• _Problem requirements_: Which lines of the records contain the word "moreover"? Copy each one.

• _Data extract_:

lemma subset_lessThan_if_set_encode_less:
  assumes "finite X" "set_encode X < 2 ^ b"
  shows "X \<subseteq> {..<b}"
proof
  fix x assume "x \<in> X"
  with assms(1) have "2 ^ x \<le> set_encode X" unfolding set_encode_def by (intro member_le_sum) auto
  with assms(2) have "2 ^ x < (2::nat) ^ b" by linarith
  then show "x \<in> {..<b}" by simp
qed

lemma set_encode_less_power:
  assumes "X \<subseteq> {..<a}"
  shows "set_encode X < 2 ^ a"
proof -
  have "set_encode X \<le> (\<Sum>x<a. 2 ^ x)"
    unfolding set_encode_def using assms by (intro sum_mono2) auto
  also have "\<dots> = 2 ^ a - 1"
    by (metis mask_eq_sum_exp lessThan_def)
  also have "\<dots> < 2 ^ a" by simp
  finally show ?thesis .
qed

subsection \<open>Colex segments\<close>

text \<open>For a strictly decreasing list L = [a_k, a_(k-1), ..., a_j] this is the colex-initial
  family of the first C(a_k,k) + ... + C(a_j,j) k-subsets of \<nat>.\<close>
fun colex_segment :: "nat \<Rightarrow> nat list \<Rightarrow> nat set set" where
  "colex_segment k [] = {}"
| "colex_segment 0 (a # L) = {{}}"
| "colex_segment (Suc k) (a # L) =
     {Y. Y \<subseteq> {..<a} \<and> card Y = Suc k} \<union> insert a ` colex_segment k L"

lemma colex_segment_subset_lessThan:
  "\<forall>x\<in>set L. x < a \<Longrightarrow> X \<in> colex_segment k L \<Longrightarrow> X \<subseteq> {..<a}"
proof (induction k L arbitrary: X rule: colex_segment.induct)
  case (3 k b L)
  then show ?case by (auto simp: subset_iff)
qed auto

lemma finite_colex_segment: "finite (colex_segment k L)"
proof (induction k L rule: colex_segment.induct)
  case (3 k a L)
  have "finite {Y. Y \<subseteq> {..<a} \<and> card Y = Suc k}"
    by (rule finite_subset[of _ "Pow {..<a}"]) auto
  with 3 show ?case by simp
qed auto

lemma card_of_mem_colex_segment:
  "sorted_wrt (>) L \<Longrightarrow> X \<in> colex_segment k L \<Longrightarrow> finite X \<and> card X = k"
proof (induction k L arbitrary: X rule: colex_segment.induct)
  case (3 k a L)
  show ?case
  proof (cases "X \<in> insert a ` colex_segment k L")
    case True
    then obtain Z where Z: "Z \<in> colex_segment k L" "X = insert a Z" by auto
    have "Z \<subseteq> {..<a}" using 3(2) Z(1) by (intro colex_segment_subset_lessThan) auto
    then have "a \<notin> Z" by auto
    moreover have "finite Z" "card Z = k" using 3 Z by auto
    ultimately show ?thesis using Z by simp
  next
    case False
    with 3 show ?thesis by (auto intro: finite_subset)
  qed
qed auto

lemma inj_on_insert_colex_segment:
  "\<forall>x\<in>set L. x < a \<Longrightarrow> inj_on (insert a) (colex_segment k L)"
  using colex_segment_subset_lessThan unfolding inj_on_def
  by (metis insert_ident lessThan_iff subset_eq less_irrefl)

lemma card_colex_segment_Cons:
  assumes "sorted_wrt (>) (a # L)"
  shows "card (colex_segment (Suc k) (a # L)) = (a choose Suc k) + card (colex_segment k L)"
proof -
  have "card (colex_segment (Suc k) (a # L)) =
      card {Y. Y \<subseteq> {..<a} \<and> card Y = Suc k} + card (insert a ` colex_segment k L)"
    by (simp only: colex_segment.simps, rule card_Un_disjoint)
      (auto intro: finite_colex_segment finite_subset[of _ "Pow {..<a}"])
  also have "\<dots> = (a choose Suc k) + card (colex_segment k L)"
    using n_subsets[of "{..<a}" "Suc k"] card_image inj_on_insert_colex_segment[of L a k] assms
    by simp
  finally show ?thesis .
qed

lemma card_colex_segment:
  "sorted_wrt (>) L \<Longrightarrow> length L \<le> Suc k \<Longrightarrow>
    card (colex_segment k L) = (\<Sum>t<length L. (L ! t) choose (k - t))"
proof (induction k L rule: colex_segment.induct)
  case (3 k a L)
  then show ?case
    by (simp only: card_colex_segment_Cons[OF 3(2)])
      (simp add: sum.lessThan_Suc_shift del: sum.lessThan_Suc)
qed auto

lemma card_colex_segment_map_Suc:
  "sorted_wrt (>) L \<Longrightarrow>
    card (colex_segment (Suc k) (map Suc L)) = card (colex_segment (Suc k) L) + card (colex_segment k L)"
proof (induction L arbitrary: k)
  case (Cons b L)
  have sorted_Suc: "sorted_wrt (>) (Suc b # map Suc L)" using Cons.prems by (simp add: sorted_wrt_map)
  have "card (colex_segment k (map Suc L)) + (b choose k) =
      card (colex_segment k L) + card (colex_segment k (b # L))"
  proof (cases k)
    case (Suc k')
    then show ?thesis
      using Cons.IH[of k'] Cons.prems card_colex_segment_Cons[OF Cons.prems, of k'] by simp
  qed (cases L; simp)
  then show ?case
    using card_colex_segment_Cons[OF sorted_Suc] card_colex_segment_Cons[OF Cons.prems] by simp
qed simp

lemma colex_initial_colex_segment:
  "sorted_wrt (>) L \<Longrightarrow> colex_initial k (colex_segment k L)"
  unfolding colex_initial_def
proof (induction k L rule: colex_segment.induct)
  case (3 k a L)
  show ?case
  proof (intro ballI allI impI)
    fix Y X assume Y: "Y \<in> colex_segment (Suc k) (a # L)"
      and "finite X \<and> card X = Suc k \<and> set_encode X < set_encode Y"
    then have X: "finite X" "card X = Suc k" "set_encode X < set_encode Y" by auto
    show "X \<in> colex_segment (Suc k) (a # L)"
    proof (cases "Y \<in> insert a ` colex_segment k L")
      case False
      then have "set_encode Y < 2 ^ a" using Y set_encode_less_power by auto
      then show ?thesis using X subset_lessThan_if_set_encode_less[of X a] by simp
    next
      case True
      then obtain Z where Z: "Z \<in> colex_segment k L" "Y = insert a Z" by auto
      have Z_below: "Z \<subseteq> {..<a}" using 3(2) Z(1) by (intro colex_segment_subset_lessThan) auto
      then have "finite Z" "a \<notin> Z" by (auto dest: finite_subset[OF _ finite_lessThan])
      then have Z_code: "set_encode Z < 2 ^ a" and Y_code: "set_encode Y = 2 ^ a + set_encode Z"
        using Z(2) set_encode_less_power[OF Z_below] by simp_all
      show ?thesis
      proof (cases "a \<in> X")
        case False
        have "X \<subseteq> {..<Suc a}"
          using X Y_code Z_code by (intro subset_lessThan_if_set_encode_less) simp_all
        with False have "X \<subseteq> {..<a}" by (auto simp: less_Suc_eq)
        then show ?thesis using X by simp
      next
        case True
        define W where "W = X - {a}"
        have X_W: "X = insert a W" "a \<notin> W" "finite W" "card W = k"
          using True X(1,2) W_def by auto
        then have "set_encode W < set_encode Z" using X(3) Y_code by simp
        then have "W \<in> colex_segment k L" using 3(1) 3(2) Z(1) X_W(3,4) by simp
        then show ?thesis using X_W(1) by simp
      qed
    qed
  qed
qed auto

lemma colex_segment_subset_if_card_le:
  assumes "sorted_wrt (>) L" "sorted_wrt (>) M"
    and "card (colex_segment k L) \<le> card (colex_segment k M)"
  shows "colex_segment k L \<subseteq> colex_segment k M"
  using assms card_of_mem_colex_segment colex_initial_colex_segment finite_colex_segment
  by (intro colex_initial_subset_if_card_le) auto

subsection \<open>Shadows of colex segments\<close>

lemma Diff_singleton_mem_colex_segment:
  "sorted_wrt (>) L \<Longrightarrow> X \<in> colex_segment (Suc k) L \<Longrightarrow> x \<in> X \<Longrightarrow> X - {x} \<in> colex_segment k L"
proof (induction L arbitrary: k X)
  case (Cons a L)
  show ?case
  proof (cases "X \<in> insert a ` colex_segment k L")
    case False
    then have X: "X \<subseteq> {..<a}" "card X = Suc k" using Cons.prems by auto
    have "finite X" using X(1) by (rule finite_subset) simp
    then have "card (X - {x}) = k" using X(2) Cons.prems(3) by simp
    then show ?thesis using X \<open>finite X\<close> by (cases k) auto
  next
    case True
    then obtain Z where Z: "Z \<in> colex_segment k L" "X = insert a Z" by auto
    have Z_below: "Z \<subseteq> {..<a}"
      using Cons.prems(1) Z(1) by (intro colex_segment_subset_lessThan) auto
    have Z_card: "finite Z" "card Z = k" using card_of_mem_colex_segment Cons.prems(1) Z(1) by auto
    show ?thesis
    proof (cases "x = a")
      case True
      then have "X - {x} = Z" using Z Z_below by auto
      then show ?thesis using Z_below Z_card by (cases k) auto
    next
      case False
      then have "x \<in> Z" using Z Cons.prems(3) by auto
      then obtain j where j: "k = Suc j" using Z_card by (cases k) auto
      then have "Z - {x} \<in> colex_segment j L"
        using Cons.IH[where k = j and X = Z] Cons.prems(1) \<open>x \<in> Z\<close> Z(1) by simp
      moreover have "X - {x} = insert a (Z - {x})" using Z False by auto
      ultimately show ?thesis using j by simp
    qed
  qed
qed simp

lemma insert_mem_colex_segment:
  "sorted_wrt (>) L \<Longrightarrow> \<forall>t<length L. Suc k - t \<le> L ! t \<Longrightarrow> X \<in> colex_segment k L \<Longrightarrow>
    \<exists>y. y \<notin> X \<and> insert y X \<in> colex_segment (Suc k) L"
proof (induction L arbitrary: k X)
  case (Cons a L)
  have "Suc k \<le> a" using Cons.prems(2)[rule_format, of 0] by simp
  show ?case
  proof (cases k)
    case 0
    then show ?thesis using Cons.prems(3) \<open>Suc k \<le> a\<close> by (intro exI[of _ 0]) auto
  next
    case (Suc j)
    show ?thesis
    proof (cases "X \<in> insert a ` colex_segment j L")
      case False
      then have X: "X \<subseteq> {..<a}" "card X = k" using Cons.prems(3) Suc by auto
      have "finite X" using X(1) by (rule finite_subset) simp
      have "X \<noteq> {..<a}" using X(2) \<open>Suc k \<le> a\<close> by auto
      then obtain y where "y < a" "y \<notin> X" using X(1) by blast
      then show ?thesis using X \<open>finite X\<close> Suc by (intro exI[of _ y]) auto
    next
      case True
      then obtain Z where Z: "Z \<in> colex_segment j L" "X = insert a Z" by auto
      have "\<forall>t<length L. Suc j - t \<le> L ! t"
        using Cons.prems(2) Suc by (auto simp: All_less_Suc2)
      then obtain y where y: "y \<notin> Z" "insert y Z \<in> colex_segment (Suc j) L"
        using Cons.IH[where k = j and X = Z] Cons.prems(1) Z(1) by auto
      have "insert y Z \<subseteq> {..<a}"
        using Cons.prems(1) y(2) by (intro colex_segment_subset_lessThan) auto
      then have "y \<notin> X" "insert y X = insert a (insert y Z)" using y Z by auto
      then show ?thesis using y Suc by auto
    qed
  qed
qed simp

text \<open>Comparing the segments with all a_k lowered by one suffices, since
  the lower part of Pascal's splitting is the shadow of the upper part.\<close>
lemma colex_segment_map_Suc_subset:
  assumes L: "sorted_wrt (>) L" and M: "sorted_wrt (>) M"
    and L_large: "\<forall>t<length L. Suc j - t \<le> L ! t"
    and card_le: "card (colex_segment (Suc j) L) \<le> card (colex_segment (Suc j) M)"
  shows "colex_segment (Suc j) (map Suc L) \<subseteq> colex_segment (Suc j) (map Suc M)"
proof (rule colex_segment_subset_if_card_le)
  have upper: "colex_segment (Suc j) L \<subseteq> colex_segment (Suc j) M"
    using colex_segment_subset_if_card_le L M card_le by blast
  have lower: "colex_segment j L \<subseteq> colex_segment j M"
  proof
    fix X assume "X \<in> colex_segment j L"
    then obtain y where "y \<notin> X" "insert y X \<in> colex_segment (Suc j) L"
      using insert_mem_colex_segment L L_large by blast
    then show "X \<in> colex_segment j M"
      using Diff_singleton_mem_colex_segment[OF M] upper by fastforce
  qed
  show "card (colex_segment (Suc j) (map Suc L)) \<le> card (colex_segment (Suc j) (map Suc M))"
    using card_colex_segment_map_Suc L M card_le card_mono[OF finite_colex_segment lower] by simp
qed (use L M in \<open>simp_all add: sorted_wrt_map\<close>)

subsection \<open>Binomial expansions\<close>

definition binexp_rep0 :: "nat \<Rightarrow> nat \<Rightarrow> nat list \<Rightarrow> bool" where
  "binexp_rep0 i m L \<longleftrightarrow> length L \<le> i \<and> sorted_wrt (>) L \<and> (\<forall>k<length L. i - k \<le> L ! k) \<and>
     m = (\<Sum>k<length L. (L ! k) choose (i - k))"

lemma binexp_rep_iff: "binexp_rep i m L \<longleftrightarrow> L \<noteq> [] \<and> binexp_rep0 i m L"
proof -
  have "transp ((>) :: nat \<Rightarrow> nat \<Rightarrow> bool)" by (auto simp: transp_def)
  then have "sorted_wrt (>) L \<longleftrightarrow> (\<forall>k. Suc k < length L \<longrightarrow> L ! k > L ! Suc k)"
    by (simp add: sorted_wrt_iff_nth_Suc_transp)
  then show ?thesis unfolding binexp_rep_def binexp_rep0_def by (auto simp: Suc_le_eq)
qed

lemma binexp_repD:
  assumes "binexp_rep i m L"
  shows "sorted_wrt (>) L" "length L \<le> i" "\<forall>t<length L. i - t \<le> L ! t"
    "m = (\<Sum>t<length L. (L ! t) choose (i - t))"
  using assms by (auto simp: binexp_rep_iff binexp_rep0_def)

lemma binexp_rep0_Nil: "binexp_rep0 i m [] \<longleftrightarrow> m = 0"
  by (auto simp: binexp_rep0_def)

lemma binexp_rep0_Cons:
  "binexp_rep0 i m (a # L) \<longleftrightarrow> 1 \<le> i \<and> i \<le> a \<and> (\<forall>x\<in>set L. x < a) \<and> (a choose i) \<le> m \<and>
     binexp_rep0 (i - 1) (m - (a choose i)) L"
proof -
  have "(\<forall>k<length (a # L). i - k \<le> (a # L) ! k) \<longleftrightarrow> i \<le> a \<and> (\<forall>k<length L. (i - 1) - k \<le> L ! k)"
    unfolding length_Cons All_less_Suc2 by simp
  moreover have "(\<Sum>k<length (a # L). (a # L) ! k choose (i - k)) =
      (a choose i) + (\<Sum>k<length L. L ! k choose ((i - 1) - k))"
    by (simp add: sum.lessThan_Suc_shift del: sum.lessThan_Suc)
  ultimately show ?thesis unfolding binexp_rep0_def by auto
qed

lemma binexp_rep0_Cons_less: "binexp_rep0 i m (a # L) \<Longrightarrow> m < Suc a choose i"
proof (induction L arbitrary: i m a)
  case Nil
  then obtain i' where "i = Suc i'" "i \<le> a" "m = a choose i"
    by (cases i) (auto simp: binexp_rep0_Cons binexp_rep0_Nil)
  then show ?case by simp
next
  case (Cons b L)
  then obtain i' where i: "i = Suc i'" and "b < a" "(a choose i) \<le> m"
    and tail: "binexp_rep0 i' (m - (a choose i)) (b # L)"
    by (cases i) (auto simp: binexp_rep0_Cons)
  have "m - (a choose i) < Suc b choose i'" using Cons.IH[OF tail] .
  also have "\<dots> \<le> a choose i'" using \<open>b < a\<close> binomial_right_mono by simp
  finally show ?case using i \<open>(a choose i) \<le> m\<close> by simp
qed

• _Task response_:
    moreover have "finite Z" "card Z = k" using 3 Z by auto
      moreover have "X - {x} = insert a (Z - {x})" using Z False by auto
  moreover have "(\<Sum>k<length (a # L). (a # L) ! k choose (i - k)) =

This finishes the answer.